Records supplied —
(* Let $\Omega\subseteq\mathbb{C}$ be an open disc centered at the origin and let $M:\Omega\to\mathbb{C}^{n\times n}$ be analytic, written as $M(\lambda)=M_1f_1(\lambda)+\cdots+M_mf_m(\lambda)$ with constant matrices $M_i\in\mathbb{C}^{n\times n}$ and scalar functions $f_i$ analytic in $\Omega$. Assume $M(0)$ is invertible. Let $\mathcal{B}$ be the operator defined in the context. (1) Suppose $\Lambda\in\mathbb{C}^{p\times p}$ is invertible and $(\Psi,\Lambda^{-1})$ is an invariant pair of $\mathcal{B}$, i.e. $\Psi:\mathbb{R}\to\mathbb{C}^{n\times p}$ has columns in the domain of $\mathcal{B}$ and $(\mathcal{B}\Psi)(\theta)=\Psi(\theta)\Lambda^{-1}$ for all $\theta$. Then there is a matrix $Y\in\mathbb{C}^{n\times p}$ such that $\Psi(\theta)=Y\exp(\theta\Lambda)$. (2) Let $\Lambda\in\mathbb{C}^{p\times p}$ be invertible with $\sigma(\Lambda)\subset\Omega$ and let $Y\in\mathbb{C}^{n\times p}$. Set $\Psi(\theta):=Y\exp(\theta\Lambda)$. Then the following are equivalent: (i) $(\mathcal{B}\Psi)(\theta)=\Psi(\theta)\Lambda^{-1}$ for all $\theta$; (ii) $\mathbb{M}(Y,\Lambda):=M_1Yf_1(\Lambda)+\cdots+M_mYf_m(\Lambda)=0$, where $f_i(\Lambda)$ denotes the matrix function.
   Context: Define $B:\Omega\to\mathbb{C}^{n\times n}$ by $B(\lambda)=M(0)^{-1}\frac{M(0)-M(\lambda)}{\lambda}$ for $\lambda\neq 0$, extended analytically to $\lambda=0$. The operator $\mathcal{B}$ has domain $\mathcal{D}(\mathcal{B})=\{\varphi\in C^\infty(\mathbb{R},\mathbb{C}^n):\sum_{i=0}^\infty \frac{1}{i!}B^{(i)}(0)\varphi^{(i)}(0)\text{ converges}\}$ and acts by $(\mathcal{B}\varphi)(\theta)=\int_0^\theta\varphi(\hat\theta)\,d\hat\theta+\sum_{i=0}^\infty\frac{1}{i!}B^{(i)}(0)\varphi^{(i)}(0)$. For a matrix-valued function $\Psi=(\psi_1,\ldots,\psi_p)$, $\mathcal{B}\Psi:=(\mathcal{B}\psi_1,\ldots,\mathcal{B}\psi_p)$ columnwise. *)

theory Defs
  imports "HOL-Analysis.Analysis"
begin
(* Let $n\times n$ $(0,1)$ matrices $A=\begin{bmatrix} 0 & J_{k_1,k_2} & X_1\\ J_{k_1,k_2} & 0 & X_2\\ X_3 & X_4 & Y\end{bmatrix}$ and $B=\begin{bmatrix} J_{k_1,k_2} & 0 & X_1\\ 0 & J_{k_1,k_2} & X_2\\ X_3 & X_4 & Y\end{bmatrix}$ (with $k_1,k_2>0$, $\mathbf{1}^TX_1=\mathbf{1}^TX_2$, $X_3\mathbf{1}=X_4\mathbf{1}$) be Gram mates with all distinct singular values, where $\mathrm{rank}(A-B)=1$. Then, $A$ and $B$ are isomorphic if and only if the remaining matrix $Y$ is fixable.
   Context: $J_{p,q}$ is the $p\times q$ all-ones matrix. Two $(0,1)$ matrices $A\neq B$ are Gram mates if $AA^T=BB^T$ and $A^TA=B^TB$; isomorphic if $B=PAQ$ for permutation matrices $P,Q$. For $(0,1)$ matrices $Z_1,Z_2$ of equal size, $\mathcal R_{Z_1,Z_2}$ is the set of triples $(P_1,P_2,Q)$ of permutation matrices with $Z_2=P_1Z_1Q$ and $Z_1=P_2Z_2Q$, and $\mathcal L_{Z_1,Z_2}$ is the set of triples $(P,Q_1,Q_2)$ of permutation matrices with $Z_1=PZ_1Q_1$ and $Z_2=PZ_2Q_2$. $Y$ is fixable if there exist permutation matrices $P,Q$ with $Y=PYQ$ such that either (i) $(P_1,P_2,Q)\in\mathcal R_{X_1,X_2}$ and $(P,Q_3,Q_4)\in\mathcal L_{X_3,X_4}$ for some $P_1,P_2,Q_3,Q_4$, or (ii) $(Q_3,Q_4,P^T)\in\mathcal R_{X_3^T,X_4^T}$ and $(Q^T,P_1,P_2)\in\mathcal L_{X_1^T,X_2^T}$ for some $P_1,P_2,Q_3,Q_4$. *)

theory Defs
  imports "Jordan_Normal_Form.DL_Rank" "Jordan_Normal_Form.Char_Poly"
begin

definition zo_mat :: "nat \<Rightarrow> nat \<Rightarrow> real mat \<Rightarrow> bool" where
  "zo_mat m n M \<longleftrightarrow> M \<in> carrier_mat m n \<and> (\<forall>i<m. \<forall>j<n. M $$ (i,j) \<in> {0,1})"

definition ones_mat :: "nat \<Rightarrow> nat \<Rightarrow> real mat" where
  "ones_mat p q = mat p q (\<lambda>_. 1)"

definition ones_vec :: "nat \<Rightarrow> real vec" where
  "ones_vec n = vec n (\<lambda>_. 1)"

definition hcat :: "real mat \<Rightarrow> real mat \<Rightarrow> real mat" where
  "hcat M N = four_block_mat M N (0\<^sub>m 0 (dim_col M)) (0\<^sub>m 0 (dim_col N))"

definition block3 :: "real mat \<Rightarrow> real mat \<Rightarrow> real mat \<Rightarrow> real mat \<Rightarrow> real mat \<Rightarrow> real mat
   \<Rightarrow> real mat \<Rightarrow> real mat \<Rightarrow> real mat \<Rightarrow> real mat" where
  "block3 M11 M12 M13 M21 M22 M23 M31 M32 M33 =
     hcat M11 (hcat M12 M13) @\<^sub>r hcat M21 (hcat M22 M23) @\<^sub>r hcat M31 (hcat M32 M33)"

definition perm_mat :: "nat \<Rightarrow> real mat \<Rightarrow> bool" where
  "perm_mat m P \<longleftrightarrow> (\<exists>\<sigma>. \<sigma> permutes {..<m} \<and> P = mat m m (\<lambda>(i,j). if \<sigma> i = j then 1 else 0))"

definition gram_mates :: "real mat \<Rightarrow> real mat \<Rightarrow> bool" where
  "gram_mates A B \<longleftrightarrow> A \<noteq> B \<and> A * transpose_mat A = B * transpose_mat B
      \<and> transpose_mat A * A = transpose_mat B * B"

definition isomorphic :: "nat \<Rightarrow> nat \<Rightarrow> real mat \<Rightarrow> real mat \<Rightarrow> bool" where
  "isomorphic m n A B \<longleftrightarrow> (\<exists>P Q. perm_mat m P \<and> perm_mat n Q \<and> B = P * A * Q)"

(* multiplicity of s \<ge> 0 as a singular value of A: algebraic multiplicity of s^2
   as an eigenvalue of A^T A *)
definition sv_mult :: "real mat \<Rightarrow> real \<Rightarrow> nat" where
  "sv_mult A s = order (s^2) (char_poly (transpose_mat A * A))"

definition distinct_singular_values :: "real mat \<Rightarrow> bool" where
  "distinct_singular_values A \<longleftrightarrow> (\<forall>s\<ge>0. sv_mult A s \<le> 1)"

definition R_set :: "nat \<Rightarrow> nat \<Rightarrow> real mat \<Rightarrow> real mat \<Rightarrow> (real mat \<times> real mat \<times> real mat) set" where
  "R_set p q Z1 Z2 = {(P1,P2,Q). perm_mat p P1 \<and> perm_mat p P2 \<and> perm_mat q Q
      \<and> Z2 = P1 * Z1 * Q \<and> Z1 = P2 * Z2 * Q}"

definition L_set :: "nat \<Rightarrow> nat \<Rightarrow> real mat \<Rightarrow> real mat \<Rightarrow> (real mat \<times> real mat \<times> real mat) set" where
  "L_set p q Z1 Z2 = {(P,Q1,Q2). perm_mat p P \<and> perm_mat q Q1 \<and> perm_mat q Q2
      \<and> Z1 = P * Z1 * Q1 \<and> Z2 = P * Z2 * Q2}"

definition fixable :: "nat \<Rightarrow> nat \<Rightarrow> nat \<Rightarrow> nat \<Rightarrow> real mat \<Rightarrow> real mat \<Rightarrow> real mat \<Rightarrow> real mat
    \<Rightarrow> real mat \<Rightarrow> bool" where
  "fixable k1 k2 r c X1 X2 X3 X4 Y \<longleftrightarrow>
     (\<exists>P Q. perm_mat r P \<and> perm_mat c Q \<and> Y = P * Y * Q \<and>
        ((\<exists>P1 P2 Q3 Q4. (P1,P2,Q) \<in> R_set k1 c X1 X2 \<and> (P,Q3,Q4) \<in> L_set r k2 X3 X4)
         \<or> (\<exists>P1 P2 Q3 Q4. (Q3,Q4,transpose_mat P) \<in> R_set k2 r (transpose_mat X3) (transpose_mat X4)
                  \<and> (transpose_mat Q,P1,P2) \<in> L_set c k1 (transpose_mat X1) (transpose_mat X2))))"

end

(*
  Let z be the vector that is 1 on the first k2 coordinates, -1 on the next k2 and 0 on the
  rest, and w the analogous vector for the two row blocks of size k1.  Because X3 and X4 have
  equal row sums, A z = -k2 w and B z = k2 w; because X1 and X2 have equal column sums,
  A^T w = -k1 z.  Hence z is an eigenvector of A^T A for the eigenvalue k1 k2, which is simple
  since the singular values of A are distinct.  If B = P A Q with permutation matrices, then
  A^T A = B^T B makes Q z an eigenvector for the same eigenvalue, so Q z = s z with s = 1 or
  s = -1, and then P w = -s w.  Thus P and Q respect the block structure: for s = 1 the column
  blocks stay in place and the two row blocks are exchanged, for s = -1 it is the other way
  round.  Comparing the blocks of B and of P A Q gives exactly the two alternatives in the
  definition of fixability, and conversely the permutations provided by fixability assemble
  into such block permutations.
*)
theory Submission
  imports Defs "Jordan_Normal_Form.Jordan_Normal_Form_Uniqueness"
    "Jordan_Normal_Form.Jordan_Normal_Form_Existence"
begin

section \<open>Reindexing by permutations\<close>

lemma permutes_lessThan_iff: "\<sigma> permutes {..<m} \<Longrightarrow> \<sigma> i < m \<longleftrightarrow> i < m"
  using permutes_in_image[of \<sigma> "{..<m}" i] by simp

definition reindex_mat :: "(nat \<Rightarrow> nat) \<Rightarrow> (nat \<Rightarrow> nat) \<Rightarrow> 'a mat \<Rightarrow> 'a mat" where
  "reindex_mat f g M = mat (dim_row M) (dim_col M) (\<lambda>(i,j). M $$ (f i, g j))"

lemma reindex_mat_carrier [simp]: "reindex_mat f g M \<in> carrier_mat (dim_row M) (dim_col M)"
  and dim_reindex_mat [simp]: "dim_row (reindex_mat f g M) = dim_row M" "dim_col (reindex_mat f g M) = dim_col M"
  by (simp_all add: reindex_mat_def)

lemma reindex_mat_carrier_mat [simp]: "M \<in> carrier_mat a b \<Longrightarrow> reindex_mat f g M \<in> carrier_mat a b"
  by (auto simp: reindex_mat_def)

lemma index_reindex_mat [simp]:
  "i < dim_row M \<Longrightarrow> j < dim_col M \<Longrightarrow> reindex_mat f g M $$ (i,j) = M $$ (f i, g j)"
  by (simp add: reindex_mat_def)

lemma reindex_mat_reindex_mat:
  assumes "\<And>i. i < dim_row M \<Longrightarrow> f i < dim_row M" and "\<And>j. j < dim_col M \<Longrightarrow> g j < dim_col M"
  shows "reindex_mat f g (reindex_mat f' g' M) = reindex_mat (f' \<circ> f) (g' \<circ> g) M"
  using assms by (intro eq_matI) simp_all

lemma transpose_reindex_mat:
  assumes "\<And>i. i < dim_row M \<Longrightarrow> f i < dim_row M" and "\<And>j. j < dim_col M \<Longrightarrow> g j < dim_col M"
  shows "transpose_mat (reindex_mat f g M) = reindex_mat g f (transpose_mat M)"
  using assms by (intro eq_matI) simp_all

lemma transpose_eq_reindex_mat_iff:
  assumes f: "f permutes {..<a}" and g: "g permutes {..<b}" and N: "N \<in> carrier_mat a b"
  shows "transpose_mat M = reindex_mat g f (transpose_mat N) \<longleftrightarrow> M = reindex_mat f g N"
proof -
  have "reindex_mat g f (transpose_mat N) = transpose_mat (reindex_mat f g N)"
    using N permutes_lessThan_iff[OF f] permutes_lessThan_iff[OF g] by (subst transpose_reindex_mat) auto
  then show ?thesis by (metis transpose_transpose)
qed

lemma reindex_mat_mult_vec:
  assumes M: "M \<in> carrier_mat m n" and v: "v \<in> carrier_vec n"
    and \<pi>: "\<pi> permutes {..<m}" and \<phi>: "\<phi> permutes {..<n}"
  shows "reindex_mat \<pi> \<phi> M *\<^sub>v vec n (\<lambda>j. v $ \<phi> j) = vec m (\<lambda>i. (M *\<^sub>v v) $ \<pi> i)"
proof (rule eq_vecI)
  fix i assume "i < dim_vec (vec m (\<lambda>i. (M *\<^sub>v v) $ \<pi> i))"
  then have i: "i < m" and \<pi>i: "\<pi> i < m" using permutes_lessThan_iff[OF \<pi>] by auto
  have "(reindex_mat \<pi> \<phi> M *\<^sub>v vec n (\<lambda>j. v $ \<phi> j)) $ i = (\<Sum>j<n. M $$ (\<pi> i, \<phi> j) * v $ \<phi> j)"
    using M i by (simp add: scalar_prod_def atLeast0LessThan)
  also have "\<dots> = (\<Sum>j<n. M $$ (\<pi> i, j) * v $ j)"
    using sum.permute[OF \<phi>, of "\<lambda>j. M $$ (\<pi> i, j) * v $ j"] by simp
  also have "\<dots> = (M *\<^sub>v v) $ \<pi> i"
    using M v \<pi>i by (simp add: scalar_prod_def atLeast0LessThan)
  finally show "(reindex_mat \<pi> \<phi> M *\<^sub>v vec n (\<lambda>j. v $ \<phi> j)) $ i = vec m (\<lambda>i. (M *\<^sub>v v) $ \<pi> i) $ i"
    using i by simp
qed (use M in simp)

lemma transpose_reindex_mat_mult_self:
  assumes M: "M \<in> carrier_mat m n" and \<pi>: "\<pi> permutes {..<m}" and \<phi>: "\<phi> permutes {..<n}"
  shows "transpose_mat (reindex_mat \<pi> \<phi> M) * reindex_mat \<pi> \<phi> M = reindex_mat \<phi> \<phi> (transpose_mat M * M)"
proof (rule eq_matI)
  fix i j assume "i < dim_row (reindex_mat \<phi> \<phi> (transpose_mat M * M))"
    and "j < dim_col (reindex_mat \<phi> \<phi> (transpose_mat M * M))"
  then have i: "i < n" and j: "j < n" and \<phi>ij: "\<phi> i < n" "\<phi> j < n"
    using M permutes_lessThan_iff[OF \<phi>] by auto
  have "(transpose_mat (reindex_mat \<pi> \<phi> M) * reindex_mat \<pi> \<phi> M) $$ (i, j)
      = (\<Sum>k<m. M $$ (\<pi> k, \<phi> i) * M $$ (\<pi> k, \<phi> j))"
    using M i j by (simp add: scalar_prod_def atLeast0LessThan)
  also have "\<dots> = (\<Sum>k<m. M $$ (k, \<phi> i) * M $$ (k, \<phi> j))"
    using sum.permute[OF \<pi>, of "\<lambda>k. M $$ (k, \<phi> i) * M $$ (k, \<phi> j)"] by simp
  also have "\<dots> = reindex_mat \<phi> \<phi> (transpose_mat M * M) $$ (i, j)"
    using M i j \<phi>ij by (simp add: scalar_prod_def atLeast0LessThan)
  finally show "(transpose_mat (reindex_mat \<pi> \<phi> M) * reindex_mat \<pi> \<phi> M) $$ (i, j)
      = reindex_mat \<phi> \<phi> (transpose_mat M * M) $$ (i, j)" .
qed (use M in simp_all)

definition perm_matrix :: "nat \<Rightarrow> (nat \<Rightarrow> nat) \<Rightarrow> 'a :: semiring_1 mat" where
  "perm_matrix m \<sigma> = mat m m (\<lambda>(i,j). if \<sigma> i = j then 1 else 0)"

lemma perm_matrix_carrier [simp]: "perm_matrix m \<sigma> \<in> carrier_mat m m"
  and dim_perm_matrix [simp]: "dim_row (perm_matrix m \<sigma>) = m" "dim_col (perm_matrix m \<sigma>) = m"
  by (simp_all add: perm_matrix_def)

Task description —
Copy out each line of the data that holds the string "permutations".

Result for this exercise —
  definition of fixability, and conversely the permutations provided by fixability assemble
  into such block permutations.
section \<open>Reindexing by permutations\<close>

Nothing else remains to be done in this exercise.